From the first record to the last, write each one out again exactly.

*** Records for this task ***

lemma sum_kernel_mult:
  assumes "\<sigma> \<in> conf n"
  shows "(\<Sum>\<tau>\<in>conf n. kernel \<beta> h n \<sigma> \<tau> * f \<tau>)
       = (\<Sum>i<n. \<Sum>s\<in>{-1, 1}. cond_prob \<beta> h n i s \<sigma> * f (\<sigma>(i := s))) / real n"
proof -
  have "(\<Sum>\<tau>\<in>conf n. kernel \<beta> h n \<sigma> \<tau> * f \<tau>)
      = (\<Sum>i<n. \<Sum>s\<in>{-1, 1}. \<Sum>\<tau>\<in>conf n.
           if \<tau> = \<sigma>(i := s) then cond_prob \<beta> h n i s \<sigma> * f \<tau> else 0) / real n"
    unfolding kernel_def
    by (simp add: sum_distrib_right sum_divide_distrib[symmetric] sum.swap[of _ "conf n"]
        distrib_right if_distrib[of "\<lambda>x. x * f _" for f] cong: if_cong)
  also have "\<dots> = (\<Sum>i<n. \<Sum>s\<in>{-1, 1}. cond_prob \<beta> h n i s \<sigma> * f (\<sigma>(i := s))) / real n"
  proof (intro arg_cong[where f = "\<lambda>x. x / real n"] sum.cong refl)
    fix i s
    assume "i \<in> {..<n}" "s \<in> {-1, 1::real}"
    then have "\<sigma>(i := s) \<in> conf n"
      using conf_update[OF assms] by simp
    then show "(\<Sum>\<tau>\<in>conf n. if \<tau> = \<sigma>(i := s) then cond_prob \<beta> h n i s \<sigma> * f \<tau> else 0)
        = cond_prob \<beta> h n i s \<sigma> * f (\<sigma>(i := s))"
      by (simp add: sum.delta[OF finite_conf])
  qed
  finally show ?thesis .
qed

text \<open>\<open>(1 - s m)/2\<close> is the fraction of sites with spin \<open>-s\<close>, and \<open>\<beta> m + h + \<beta> s / n\<close> is the
  local field at each of them.\<close>

definition jump_rate :: "real \<Rightarrow> real \<Rightarrow> nat \<Rightarrow> real \<Rightarrow> real \<Rightarrow> real" where
  "jump_rate \<beta> h n s m = (1 - s * m) / 2 * ((1 + s * tanh (\<beta> * m + h + \<beta> * s / real n)) / 2)"

lemma Qk_eq_jump_rate:
  assumes \<sigma>: "\<sigma> \<in> conf n" and n: "n \<ge> 1" and s: "s \<in> {-1, 1}"
  shows "Qk \<beta> h n (2 * s) \<sigma> = jump_rate \<beta> h n s (magn n \<sigma>)"
proof -
  define P where "P = (1 + s * tanh (\<beta> * magn n \<sigma> + h + \<beta> * s / real n)) / 2"
  let ?jump = "\<lambda>\<tau>. Wsum n \<tau> = Wsum n \<sigma> + 2 * s"
  have "Qk \<beta> h n (2 * s) \<sigma> = (\<Sum>\<tau>\<in>conf n. kernel \<beta> h n \<sigma> \<tau> * (if ?jump \<tau> then 1 else 0))"
    unfolding Qk_def by (intro sum.cong) auto
  also have "\<dots> = (\<Sum>i<n. \<Sum>t\<in>{-1, 1}. cond_prob \<beta> h n i t \<sigma> * (if ?jump (\<sigma>(i := t)) then 1 else 0)) / real n"
    by (rule sum_kernel_mult[OF \<sigma>])
  also have "\<dots> = (\<Sum>i<n. (if \<sigma> i = - s then 1 else 0) * P) / real n"
  proof (intro arg_cong[where f = "\<lambda>x. x / real n"] sum.cong refl)
    fix i
    assume "i \<in> {..<n}"
    then have i: "i < n" by simp
    have "cond_prob \<beta> h n i s \<sigma> = P" if "\<sigma> i = - s"
    proof -
      have "local_field \<beta> h n \<sigma> i = \<beta> * magn n \<sigma> + h + \<beta> * s / real n"
        using that n by (simp add: local_field_def magn_def field_simps)
      then show ?thesis
        using cond_prob_eq[OF \<sigma> i s] by (simp add: P_def)
    qed
    moreover have "?jump (\<sigma>(i := t)) \<longleftrightarrow> t = s \<and> \<sigma> i = - s" if "t \<in> {-1, 1}" for t
      using Wsum_update[OF i, of \<sigma> t] spin_cases[OF \<sigma> i] s that by auto
    ultimately show "(\<Sum>t\<in>{-1, 1}. cond_prob \<beta> h n i t \<sigma> * (if ?jump (\<sigma>(i := t)) then 1 else 0))
        = (if \<sigma> i = - s then 1 else 0) * P"
      using s by auto
  qed
  also have "(\<Sum>i<n. (if \<sigma> i = - s then 1 else 0) * P) = (real n - s * Wsum n \<sigma>) / 2 * P"
  proof -
    have "(\<Sum>i<n. (if \<sigma> i = - s then 1 else 0)) = (\<Sum>i<n. (1 - s * \<sigma> i) / (2::real))"
      using spin_cases[OF \<sigma>] s by (intro sum.cong) fastforce+
    also have "\<dots> = (real n - s * Wsum n \<sigma>) / 2"
      by (simp add: Wsum_def sum_divide_distrib[symmetric] sum_subtractf sum_distrib_left)
    finally show ?thesis
      by (simp flip: sum_distrib_right)
  qed
  finally show ?thesis
    using n by (simp add: jump_rate_def P_def magn_def field_simps)
qed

*** End of Records for this task ***

> Response to this exercise:
lemma sum_kernel_mult:
  assumes "\<sigma> \<in> conf n"
  shows "(\<Sum>\<tau>\<in>conf n. kernel \<beta> h n \<sigma> \<tau> * f \<tau>)
       = (\<Sum>i<n. \<Sum>s\<in>{-1, 1}. cond_prob \<beta> h n i s \<sigma> * f (\<sigma>(i := s))) / real n"
proof -
  have "(\<Sum>\<tau>\<in>conf n. kernel \<beta> h n \<sigma> \<tau> * f \<tau>)
      = (\<Sum>i<n. \<Sum>s\<in>{-1, 1}. \<Sum>\<tau>\<in>conf n.
           if \<tau> = \<sigma>(i := s) then cond_prob \<beta> h n i s \<sigma> * f \<tau> else 0) / real n"
    unfolding kernel_def
    by (simp add: sum_distrib_right sum_divide_distrib[symmetric] sum.swap[of _ "conf n"]
        distrib_right if_distrib[of "\<lambda>x. x * f _" for f] cong: if_cong)
  also have "\<dots> = (\<Sum>i<n. \<Sum>s\<in>{-1, 1}. cond_prob \<beta> h n i s \<sigma> * f (\<sigma>(i := s))) / real n"
  proof (intro arg_cong[where f = "\<lambda>x. x / real n"] sum.cong refl)
    fix i s
    assume "i \<in> {..<n}" "s \<in> {-1, 1::real}"
    then have "\<sigma>(i := s) \<in> conf n"
      using conf_update[OF assms] by simp
    then show "(\<Sum>\<tau>\<in>conf n. if \<tau> = \<sigma>(i := s) then cond_prob \<beta> h n i s \<sigma> * f \<tau> else 0)
        = cond_prob \<beta> h n i s \<sigma> * f (\<sigma>(i := s))"
      by (simp add: sum.delta[OF finite_conf])
  qed
  finally show ?thesis .
qed

text \<open>\<open>(1 - s m)/2\<close> is the fraction of sites with spin \<open>-s\<close>, and \<open>\<beta> m + h + \<beta> s / n\<close> is the
  local field at each of them.\<close>

definition jump_rate :: "real \<Rightarrow> real \<Rightarrow> nat \<Rightarrow> real \<Rightarrow> real \<Rightarrow> real" where
  "jump_rate \<beta> h n s m = (1 - s * m) / 2 * ((1 + s * tanh (\<beta> * m + h + \<beta> * s / real n)) / 2)"

lemma Qk_eq_jump_rate:
  assumes \<sigma>: "\<sigma> \<in> conf n" and n: "n \<ge> 1" and s: "s \<in> {-1, 1}"
  shows "Qk \<beta> h n (2 * s) \<sigma> = jump_rate \<beta> h n s (magn n \<sigma>)"
proof -
  define P where "P = (1 + s * tanh (\<beta> * magn n \<sigma> + h + \<beta> * s / real n)) / 2"
  let ?jump = "\<lambda>\<tau>. Wsum n \<tau> = Wsum n \<sigma> + 2 * s"
  have "Qk \<beta> h n (2 * s) \<sigma> = (\<Sum>\<tau>\<in>conf n. kernel \<beta> h n \<sigma> \<tau> * (if ?jump \<tau> then 1 else 0))"
    unfolding Qk_def by (intro sum.cong) auto
  also have "\<dots> = (\<Sum>i<n. \<Sum>t\<in>{-1, 1}. cond_prob \<beta> h n i t \<sigma> * (if ?jump (\<sigma>(i := t)) then 1 else 0)) / real n"
    by (rule sum_kernel_mult[OF \<sigma>])
  also have "\<dots> = (\<Sum>i<n. (if \<sigma> i = - s then 1 else 0) * P) / real n"
  proof (intro arg_cong[where f = "\<lambda>x. x / real n"] sum.cong refl)
    fix i
    assume "i \<in> {..<n}"
    then have i: "i < n" by simp
    have "cond_prob \<beta> h n i s \<sigma> = P" if "\<sigma> i = - s"
    proof -
      have "local_field \<beta> h n \<sigma> i = \<beta> * magn n \<sigma> + h + \<beta> * s / real n"
        using that n by (simp add: local_field_def magn_def field_simps)
      then show ?thesis
        using cond_prob_eq[OF \<sigma> i s] by (simp add: P_def)
    qed
    moreover have "?jump (\<sigma>(i := t)) \<longleftrightarrow> t = s \<and> \<sigma> i = - s" if "t \<in> {-1, 1}" for t
      using Wsum_update[OF i, of \<sigma> t] spin_cases[OF \<sigma> i] s that by auto
    ultimately show "(\<Sum>t\<in>{-1, 1}. cond_prob \<beta> h n i t \<sigma> * (if ?jump (\<sigma>(i := t)) then 1 else 0))
        = (if \<sigma> i = - s then 1 else 0) * P"
      using s by auto
  qed
  also have "(\<Sum>i<n. (if \<sigma> i = - s then 1 else 0) * P) = (real n - s * Wsum n \<sigma>) / 2 * P"
  proof -
    have "(\<Sum>i<n. (if \<sigma> i = - s then 1 else 0)) = (\<Sum>i<n. (1 - s * \<sigma> i) / (2::real))"
      using spin_cases[OF \<sigma>] s by (intro sum.cong) fastforce+
    also have "\<dots> = (real n - s * Wsum n \<sigma>) / 2"
      by (simp add: Wsum_def sum_divide_distrib[symmetric] sum_subtractf sum_distrib_left)
    finally show ?thesis
      by (simp flip: sum_distrib_right)
  qed
  finally show ?thesis
    using n by (simp add: jump_rate_def P_def magn_def field_simps)
qed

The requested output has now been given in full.